『Reborn-Art Festival 2017』 “1泊2日”アート体験が、すごかった。
前回の記事、わーっ!と書き上げてすごい達成感に包まれたんですが、まだ「体験のリセット」段階までしか終わってなくて愕然としました……。
〈DAY1 12:30〉海底8メートルの屋上から
体をリセットしたあと、最初のプログラムは『触覚をひらくインスタレーション』。参加者は荻浜小学校の屋上へ上がる。そこには、アーティスト、大崎晴地さんの作品『seafloor』が。
大崎さんは、心身発達のリハビリテーションなどに携わりながら制作にとりくんでいるアーティスト。作品は児童福祉施設でも活用されているという。心と体の関係にくわしい大崎さんだからこそ、人間が本来もっている感覚を呼び覚ますアートを構築することができるのだろう。『seafloor』は、海底8メートルの世界を表現したインスタレーション作品だ。屋上には、流木や貝殻といったオブジェクトが転がり、潮の流れる音、テンプラノイズと呼ばれるシャコやフジツボの威嚇音が聞こえる。また、非可聴域(人間が音として感知することができない周波数帯域)の音も鳴っているそうで、それは振動で感じることができる。
体で音を聴く、という不思議な体験……。
〈DAY1 13:00〉食事でも「リセット」
「シンプルなお食事をご用意しました」目の前に並ぶのは、おだし、焼き梅干しにお湯をかけた梅湯、禅粥、ふのりのお味噌汁。
料理人・福原さんが用意してくれた、味覚をリセットするためのミニマムなメニュー。日常生活で、ここまでシンプルな食事をする機会はなかなかない。その分、梅やだしの香りが際立ち、食事は五感で味わうものだということを再認識する。生きていくためには、食べないといけない。

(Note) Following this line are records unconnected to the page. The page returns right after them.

lemma integral_P:
  assumes \<nu>: "\<nu> \<in> space (prob_algebra M)" and \<mu>: "\<mu> \<in> policies M A" and f: "bounded_measurable f"
  shows "(\<integral>s. P \<mu> f s \<partial>\<nu>) = (\<integral>t. f t \<partial>(push p \<nu> \<mu>))"
proof -
  obtain B where fB: "f \<in> borel_measurable M" "\<forall>s\<in>space M. \<bar>f s\<bar> \<le> B"
    using bounded_measurableE[OF f] .
  have \<nu>_prob: "prob_space \<nu>" "sets \<nu> = sets M" using \<nu> by (auto simp: space_prob_algebra)
  have "(\<lambda>s. p s (\<mu> s)) \<in> \<nu> \<rightarrow>\<^sub>M subprob_algebra M"
    using measurable_prob_algebraD[OF kernel_policy_measurable[OF \<mu>]]
    by (subst measurable_cong_sets[OF \<nu>_prob(2) refl])
  moreover have "finite_measure \<nu>" using \<nu>_prob(1) unfolding prob_space_def by blast
  moreover have "AE x in \<nu>. emeasure (p x (\<mu> x)) (space (p x (\<mu> x))) \<le> ennreal 1"
    using prob_space.emeasure_space_1[OF kernel_policy_prob_space(1)[OF \<mu>]]
      sets_eq_imp_space_eq[OF \<nu>_prob(2)] by (intro AE_I2) simp
  ultimately show ?thesis unfolding push_def P_def
    by (intro integral_bind[OF fB(1), symmetric]) (use fB(2) in blast)+
qed

lemma integral_P_list:
  "\<nu> \<in> space (prob_algebra M) \<Longrightarrow> set \<mu>s \<subseteq> policies M A \<Longrightarrow> bounded_measurable f
    \<Longrightarrow> (\<integral>s. P_list \<mu>s f s \<partial>\<nu>) = (\<integral>t. f t \<partial>(push_list p \<nu> \<mu>s))"
proof (induction \<mu>s arbitrary: \<nu>)
  case (Cons \<mu> \<mu>s)
  then have "(\<integral>s. P_list (\<mu> # \<mu>s) f s \<partial>\<nu>) = (\<integral>t. P_list \<mu>s f t \<partial>(push p \<nu> \<mu>))"
    by (auto intro: integral_P bounded_measurable_P_list)
  also have "\<dots> = (\<integral>t. f t \<partial>(push_list p \<nu> (\<mu> # \<mu>s)))"
    using Cons by (simp add: push_list_def push_prob_algebra)
  finally show ?case .
qed (simp add: push_list_def)

lemma integral_le_esssup_RN_deriv:
  assumes \<rho>: "\<rho> \<in> space (prob_algebra M)" and \<nu>: "\<nu> \<in> space (prob_algebra M)"
    and ac: "absolutely_continuous \<rho> \<nu>"
    and C: "esssup \<rho> (RN_deriv \<rho> \<nu>) \<le> C" "C < \<infinity>"
    and f: "bounded_measurable f" "\<forall>s\<in>space M. 0 \<le> f s"
  shows "(\<integral>t. f t \<partial>\<nu>) \<le> enn2real C * (\<integral>t. f t \<partial>\<rho>)"
proof -
  have \<rho>_prob: "prob_space \<rho>" "sets \<rho> = sets M" using \<rho> by (auto simp: space_prob_algebra)
  have \<nu>_prob: "prob_space \<nu>" "sets \<nu> = sets M" using \<nu> by (auto simp: space_prob_algebra)
  interpret R: prob_space \<rho> by (rule \<rho>_prob(1))
  have f_meas: "f \<in> borel_measurable \<rho>"
    using f(1) unfolding bounded_measurable_def by (simp cong: measurable_cong_sets[OF \<rho>_prob(2) refl])
  have nn_integral_eq: "(\<integral>\<^sup>+x. ennreal (f x) \<partial>N) = ennreal (\<integral>x. f x \<partial>N)"
    if "prob_space N" "sets N = sets M" for N
    using integrable_bounded_measurable[OF that f(1)] f(2) sets_eq_imp_space_eq[OF that(2)]
    by (intro nn_integral_eq_integral) auto
  have "(\<integral>\<^sup>+x. ennreal (f x) \<partial>\<nu>) = (\<integral>\<^sup>+x. RN_deriv \<rho> \<nu> x * ennreal (f x) \<partial>\<rho>)"
    by (rule R.RN_deriv_nn_integral[OF ac]) (use \<nu>_prob(2) \<rho>_prob(2) f_meas in auto)
  also have "\<dots> \<le> (\<integral>\<^sup>+x. C * ennreal (f x) \<partial>\<rho>)"
    using esssup_AE[of "RN_deriv \<rho> \<nu>" \<rho>]
  proof (intro nn_integral_mono_AE, eventually_elim)
    case (elim x)
    then show ?case using C(1) by (intro mult_right_mono) auto
  qed
  also have "\<dots> = C * (\<integral>\<^sup>+x. ennreal (f x) \<partial>\<rho>)"
    by (rule nn_integral_cmult) (use f_meas in simp)
  finally have "ennreal (\<integral>x. f x \<partial>\<nu>) \<le> ennreal (enn2real C) * ennreal (\<integral>x. f x \<partial>\<rho>)"
    using C(2) unfolding nn_integral_eq[OF \<nu>_prob] nn_integral_eq[OF \<rho>_prob] by simp
  moreover have "0 \<le> (\<integral>x. f x \<partial>\<rho>)"
    using f(2) sets_eq_imp_space_eq[OF \<rho>_prob(2)] by (intro integral_nonneg_AE) auto
  ultimately show ?thesis by (simp add: ennreal_mult'[symmetric] ennreal_le_iff)
qed

lemma integral_P_list_le_conc_coeff:
  assumes \<rho>0: "\<rho>0 \<in> space (prob_algebra M)" and \<rho>1: "\<rho>1 \<in> space (prob_algebra M)"
    and ac: "absolutely_continuous \<rho>0 (push_list p \<rho>1 \<mu>s)"
    and fin: "conc_coeff M A p \<rho>0 \<rho>1 (length \<mu>s) < \<infinity>"
    and \<mu>s: "set \<mu>s \<subseteq> policies M A"
    and f: "bounded_measurable f" "\<forall>s\<in>space M. 0 \<le> f s"
  shows "(\<integral>s. P_list \<mu>s f s \<partial>\<rho>1) \<le> enn2real (conc_coeff M A p \<rho>0 \<rho>1 (length \<mu>s)) * (\<integral>s. f s \<partial>\<rho>0)"
proof -
  have "esssup \<rho>0 (RN_deriv \<rho>0 (push_list p \<rho>1 \<mu>s)) \<le> conc_coeff M A p \<rho>0 \<rho>1 (length \<mu>s)"
    unfolding conc_coeff_def using \<mu>s by (intro SUP_upper) simp
  then show ?thesis
    unfolding integral_P_list[OF \<rho>1 \<mu>s f(1)]
    by (rule integral_le_esssup_RN_deriv[OF \<rho>0 push_list_prob_algebra[OF \<rho>1 \<mu>s] ac _ fin f])
qed

lemma norm1_le_sum_integrals:
  assumes \<rho>: "\<rho> \<in> space (prob_algebra M)"
    and bm: "bounded_measurable F" "bounded_measurable H" "bounded_measurable g1" "bounded_measurable g2"
    and le: "\<forall>s\<in>space M. \<bar>F s\<bar> \<le> \<bar>H s\<bar> + a * g1 s + b * g2 s"
  shows "norm1 \<rho> F \<le> norm1 \<rho> H + a * (\<integral>s. g1 s \<partial>\<rho>) + b * (\<integral>s. g2 s \<partial>\<rho>)"
proof -
  have \<rho>_prob: "prob_space \<rho>" "sets \<rho> = sets M" using \<rho> by (auto simp: space_prob_algebra)
  note int = integrable_bounded_measurable[OF \<rho>_prob]
  have "norm1 \<rho> F \<le> (\<integral>s. \<bar>H s\<bar> + a * g1 s + b * g2 s \<partial>\<rho>)"
    unfolding norm1_def
    using bm le by (intro integral_mono_bounded_measurable[OF \<rho>_prob] bounded_measurable_add
        bounded_measurable_abs bounded_measurable_cmult)
  also have "\<dots> = norm1 \<rho> H + a * (\<integral>s. g1 s \<partial>\<rho>) + b * (\<integral>s. g2 s \<partial>\<rho>)"
    unfolding norm1_def
    using int[OF bounded_measurable_abs[OF bm(2)]] int[OF bounded_measurable_cmult[OF bm(3)]]
      int[OF bounded_measurable_cmult[OF bm(4)]] by simp
  finally show ?thesis .
qed

end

けれど、生きていくためには仕事をしないといけなくて、時にはごはんを食べる暇すら惜しかったり、コンビニのパスタをかきこんだりする。私はそれを否定しない。だって、忙しいもん、みんな。だから、『Reborn-Art Walk』で体験することを、人間はこうあるべき、と伝えるつもりはないし、そもそも『Reborn-Art Walk』はそんな正解を伝えるためのプロジェクトじゃないように思う。だって正解なんてないし。私にとっての『Reborn-Art』=生きる術とは一体何なのか——自分の体のなかに、体験のなかに、その答えを探すこと。この1泊2日は、そのための時間なのではないか。そんなことを考えながらごはんを食べた。ごちそうさまでした!
〈DAY1 14:00〉初・体・験
鹿の解体が、です。さらに私にとって鹿の解体は、・水曜日のカンパネラ、コムアイの特技・しかもライブで鹿の解体をしていた =とりあえずとんでもなくクレイジーみたいなイメージしかないんですが、なんか大丈夫でしょうか(いろいろと)。不安に揺れつつたどりついたのは「FERMENTO」という施設。今夏オープンしたばかりの鹿肉加工処理施設だ。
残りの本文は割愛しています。